● YOUR TASK
Stop after the line with "by (rule q_pochhammer_odd_square_nth)"; until then, please copy every line of the records word for word from the first.
[GIVEN DATA — start]
lemma phi_fps_eq_f_fps_odd_square: "phi_fps = f_fps 2 * odd_q_pochhammer_inf ^ 2"
proof (rule fps_ext)
  fix k
  have "fps_cong (Suc (Suc k)) (f_fps 2 * odd_q_pochhammer_inf ^ 2)
      (q_pochhammer (fps_X ^ 2) (Suc k) * odd_q_pochhammer fps_X (Suc k) ^ 2)"
    by (intro fps_cong_mult fps_cong_power f_fps_cong odd_q_pochhammer_inf_cong) simp
  then have "fps_nth (f_fps 2 * odd_q_pochhammer_inf ^ 2) k =
      fps_nth (q_pochhammer (fps_X ^ 2) (Suc k) * odd_q_pochhammer fps_X (Suc k) ^ 2) k"
    by (simp add: fps_cong_def)
  also have "\<dots> = of_nat (card {z::int. z ^ 2 = int k})"
    by (rule q_pochhammer_odd_square_nth) simp_all
  finally show "fps_nth phi_fps k = fps_nth (f_fps 2 * odd_q_pochhammer_inf ^ 2) k"
    by (simp add: phi_fps_def)
qed

lemma odd_q_pochhammer_inf_euler: "odd_q_pochhammer_inf * f_fps 1 * f_fps 4 = f_fps 2 ^ 2"
proof (rule fps_eq_if_cong)
  fix m
  have f1: "fps_cong (Suc m) (f_fps 1) (q_pochhammer fps_X (2 * m))"
    using fps_cong_mono[OF f_fps_cong[of 1 "2 * m"]] by simp
  have f2: "fps_cong (Suc m) (f_fps 2) (q_pochhammer (fps_X ^ 2) (2 * m))"
    using fps_cong_mono[OF f_fps_cong[of 2 "2 * m"]] by simp
  have "fps_cong (Suc m) (odd_q_pochhammer_inf * f_fps 1 * f_fps 4)
      (odd_q_pochhammer fps_X m * q_pochhammer fps_X (2 * m) * q_pochhammer (fps_X ^ 4) m)"
    by (intro fps_cong_mult f1 odd_q_pochhammer_inf_cong f_fps_cong) simp
  also have "\<dots> = q_pochhammer (fps_X ^ 2) (2 * m) * q_pochhammer (fps_X ^ 2) m"
    by (rule odd_q_pochhammer_euler)
  also have "fps_cong (Suc m) \<dots> (f_fps 2 ^ 2)"
    using fps_cong_mult[OF fps_cong_sym[OF f2] fps_cong_sym[OF f_fps_cong[of 2 m]]]
    by (simp add: power2_eq_square)
  finally show "fps_cong m (odd_q_pochhammer_inf * f_fps 1 * f_fps 4) (f_fps 2 ^ 2)"
    by (rule fps_cong_mono) simp
qed

lemma phi_fps_eta_quotient: "phi_fps * f_fps 1 ^ 2 * f_fps 4 ^ 2 = f_fps 2 ^ 5"
proof -
  have "phi_fps * f_fps 1 ^ 2 * f_fps 4 ^ 2 = f_fps 2 * (odd_q_pochhammer_inf * f_fps 1 * f_fps 4) ^ 2"
    by (simp add: phi_fps_eq_f_fps_odd_square power_mult_distrib ac_simps)
  also have "\<dots> = f_fps 2 ^ 5"
    by (simp only: odd_q_pochhammer_inf_euler power_mult[symmetric] power_Suc[symmetric]) simp
  finally show ?thesis .
qed

lemma fps_X_power_compose_X_power:
  "0 < j \<Longrightarrow> fps_X ^ a oo fps_X ^ j = (fps_X ^ (a * j) :: 'a::idom fps)"
  by (simp add: fps_compose_power[symmetric] power_mult[symmetric] mult.commute)

lemma f_fps_compose_X_power:
  assumes "0 < k" "0 < j"
  shows "f_fps k oo fps_X ^ j = f_fps (k * j)"
proof -
  have "f_fps k oo fps_X ^ j = (\<Prod>i. (1 - fps_X ^ (k * Suc i)) oo fps_X ^ j)"
    unfolding f_fps_def using assms by (intro prodinf_fps_compose fps_cong_one_minus_X_power) simp_all
  also have "\<dots> = f_fps (k * j)"
    unfolding f_fps_def using assms(2)
    by (simp add: fps_compose_sub_distrib fps_X_power_compose_X_power ac_simps)
  finally show ?thesis .
qed

lemma f_fps_cong_one: "0 < k \<Longrightarrow> fps_cong k (f_fps k) 1"
  using fps_cong_compose_X_power[of "f_fps 1" k] by (simp add: f_fps_nth_0 f_fps_compose_X_power)

lemma phi_fps_compose_eta_quotient:
  assumes "0 < m"
  shows "(phi_fps oo fps_X ^ m) * f_fps m ^ 2 * f_fps (4 * m) ^ 2 = f_fps (2 * m) ^ 5"
proof -
  have X0: "fps_nth (fps_X ^ m :: real fps) 0 = 0"
    using assms by simp
  have "(phi_fps * f_fps 1 ^ 2 * f_fps 4 ^ 2) oo fps_X ^ m = f_fps 2 ^ 5 oo fps_X ^ m"
    by (simp only: phi_fps_eta_quotient)
  then show ?thesis
    using assms by (simp add: fps_compose_mult_distrib[OF X0] fps_compose_power[OF X0, symmetric]
        f_fps_compose_X_power)
qed

section \<open>The dyadic product\<close>

lemma eta_quotient_step:
  fixes p a b c a' b' :: "'a::comm_monoid_mult"
  assumes "a * a' = 1" "b * b' = 1" "p * a ^ 2 * c ^ 2 = b ^ 5"
  shows "p * (c * b' ^ 2) ^ 2 = b * a' ^ 2"
proof -
  have "p * (c * b' ^ 2) ^ 2 = p * (c * b' ^ 2) ^ 2 * (a * a') ^ 2"
    using assms(1) by simp
  also have "\<dots> = (p * a ^ 2 * c ^ 2) * a' ^ 2 * b' ^ 4"
    by (simp add: power_mult_distrib ac_simps flip: power_mult)
  also have "\<dots> = b * a' ^ 2 * (b * b') ^ 4"
    unfolding assms(3) by (simp add: power_mult_distrib eval_nat_numeral ac_simps)
  also have "\<dots> = b * a' ^ 2"
    using assms(2) by simp
  finally show ?thesis .
qed

lemma prod_telescoping_squares:
  fixes p r :: "nat \<Rightarrow> 'a::comm_monoid_mult"
  assumes "\<And>i. p i * r (Suc i) ^ 2 = r i"
  shows "(\<Prod>i<n. p i ^ (c * 2 ^ i)) * r n ^ (c * 2 ^ n) = r 0 ^ c"
proof (induction n)
  case (Suc n)
  have "p n ^ (c * 2 ^ n) * r (Suc n) ^ (c * 2 ^ Suc n) = (p n * r (Suc n) ^ 2) ^ (c * 2 ^ n)"
    by (simp add: power_mult_distrib ac_simps flip: power_mult)
  then show ?case
    using Suc.IH by (simp add: assms mult.assoc)
qed simp

lemma dyadic_phi_product:
  "(\<Prod>i. (phi_fps oo fps_X ^ (2 ^ Suc i)) ^ (c * 2 ^ i)) = (f_fps 4 * inverse (f_fps 2) ^ 2) ^ c"
proof -
  define u where "u i = f_fps (2 ^ Suc i)" for i
  define r where "r i = u (Suc i) * inverse (u i) ^ 2" for i
  have unit: "u i * inverse (u i) = 1" for i
    by (simp add: u_def inverse_mult_eq_1' f_fps_nth_0)
  have step: "(phi_fps oo fps_X ^ (2 ^ Suc i)) * r (Suc i) ^ 2 = r i" for i
    unfolding r_def
  proof (rule eta_quotient_step[OF unit unit])
    show "(phi_fps oo fps_X ^ (2 ^ Suc i)) * u i ^ 2 * u (Suc (Suc i)) ^ 2 = u (Suc i) ^ 5"
      using phi_fps_compose_eta_quotient[of "2 ^ Suc i"] by (simp add: u_def)
  qed
  have Suc_le: "Suc n \<le> 2 ^ Suc n" for n :: nat
    using less_exp[of "Suc n"] by simp
  have r_cong: "fps_cong (Suc n) (r n ^ (c * 2 ^ n)) 1" for n
  proof -
    have "fps_cong (2 ^ Suc n) (u (Suc n)) 1"
      using fps_cong_mono[OF f_fps_cong_one[of "2 ^ Suc (Suc n)"]] by (simp add: u_def)
    moreover have "fps_cong (2 ^ Suc n) (inverse (u n)) (inverse 1)"
      using f_fps_cong_one[of "2 ^ Suc n"] by (intro fps_cong_inverse) (simp_all add: u_def f_fps_nth_0)
    ultimately have "fps_cong (2 ^ Suc n) (r n ^ (c * 2 ^ n)) ((1 * inverse 1 ^ 2) ^ (c * 2 ^ n))"
      unfolding r_def by (intro fps_cong_power fps_cong_mult)
    then have "fps_cong (2 ^ Suc n) (r n ^ (c * 2 ^ n)) 1"
      by simp
    then show ?thesis
      using Suc_le by (rule fps_cong_mono)
  qed
  have phi_cong: "fps_cong (Suc i) ((phi_fps oo fps_X ^ (2 ^ Suc i)) ^ (c * 2 ^ i)) 1" for i
  proof -
    have "fps_cong (2 ^ Suc i) ((phi_fps oo fps_X ^ (2 ^ Suc i)) ^ (c * 2 ^ i)) (1 ^ (c * 2 ^ i))"
      by (intro fps_cong_power fps_cong_compose_X_power phi_fps_nth_0)
    then have "fps_cong (2 ^ Suc i) ((phi_fps oo fps_X ^ (2 ^ Suc i)) ^ (c * 2 ^ i)) 1"
      by simp
    then show ?thesis
      using Suc_le by (rule fps_cong_mono)
  qed
  have "(\<Prod>i. (phi_fps oo fps_X ^ (2 ^ Suc i)) ^ (c * 2 ^ i)) = r 0 ^ c"
    using prod_telescoping_squares[where p = "\<lambda>i. phi_fps oo fps_X ^ (2 ^ Suc i)", OF step]
    by (rule prodinf_fps_eqI[OF phi_cong r_cong])
  then show ?thesis
    by (simp add: r_def u_def)
qed

lemma barF_eq_phi_times_eta_quotient_power:
  "barF (m + 2) = phi_fps * (f_fps 4 * inverse (f_fps 2) ^ 2) ^ (m + 3)"
proof -
  have unit: "f_fps 1 * inverse (f_fps 1) = 1" "f_fps 2 * inverse (f_fps 2) = 1"
    by (simp_all add: inverse_mult_eq_1' f_fps_nth_0)
  have "m + 3 = 2 + (m + 1)"
    by simp
  then have "phi_fps * (f_fps 4 * inverse (f_fps 2) ^ 2) ^ (m + 3) =
      phi_fps * (f_fps 4 * inverse (f_fps 2) ^ 2) ^ 2 * (f_fps 4 * inverse (f_fps 2) ^ 2) ^ (m + 1)"
    by (simp only: power_add mult.assoc)
  also have "\<dots> = f_fps 2 * inverse (f_fps 1) ^ 2 * (f_fps 4 * inverse (f_fps 2) ^ 2) ^ (m + 1)"
    by (simp only: eta_quotient_step[OF unit phi_fps_eta_quotient])
  also have "\<dots> = (f_fps 2 * inverse (f_fps 2)) *
      (f_fps 4 ^ (m + 1) * (inverse (f_fps 1) ^ 2 * inverse (f_fps 2) ^ (2 * m + 1)))"
  proof -
    have "2 * (m + 1) = Suc (2 * m + 1)"
      by simp
    then have "(f_fps 4 * inverse (f_fps 2) ^ 2) ^ (m + 1) =
        f_fps 4 ^ (m + 1) * (inverse (f_fps 2) * inverse (f_fps 2) ^ (2 * m + 1))"
      by (simp only: power_mult_distrib power_mult[symmetric] power_Suc)
    then show ?thesis
      by (simp only: ac_simps)
  qed
  also have "\<dots> = barF (m + 2)"
    by (simp add: unit barF_def fps_inverse_mult fps_inverse_power)
  finally show ?thesis ..
qed

theorem lemma4p1:
  fixes c :: nat
  assumes "c \<ge> 3"
  shows "barF (c - 1) =
    phi_fps * (\<Prod>i. (fps_compose phi_fps (fps_X ^ (2 ^ Suc i))) ^ (c * 2 ^ i))"
proof -
  obtain m where c: "c = m + 3"
    using assms by (metis add.commute le_iff_add)
  then have "barF (c - 1) = phi_fps * (f_fps 4 * inverse (f_fps 2) ^ 2) ^ c"
    using barF_eq_phi_times_eta_quotient_power[of m] by simp
  then show ?thesis
    by (simp only: dyadic_phi_product)
qed

end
[GIVEN DATA — finish]
● SOLVED EXERCISE
lemma phi_fps_eq_f_fps_odd_square: "phi_fps = f_fps 2 * odd_q_pochhammer_inf ^ 2"
proof (rule fps_ext)
  fix k
  have "fps_cong (Suc (Suc k)) (f_fps 2 * odd_q_pochhammer_inf ^ 2)
      (q_pochhammer (fps_X ^ 2) (Suc k) * odd_q_pochhammer fps_X (Suc k) ^ 2)"
    by (intro fps_cong_mult fps_cong_power f_fps_cong odd_q_pochhammer_inf_cong) simp
  then have "fps_nth (f_fps 2 * odd_q_pochhammer_inf ^ 2) k =
      fps_nth (q_pochhammer (fps_X ^ 2) (Suc k) * odd_q_pochhammer fps_X (Suc k) ^ 2) k"
    by (simp add: fps_cong_def)
  also have "\<dots> = of_nat (card {z::int. z ^ 2 = int k})"
    by (rule q_pochhammer_odd_square_nth) simp_all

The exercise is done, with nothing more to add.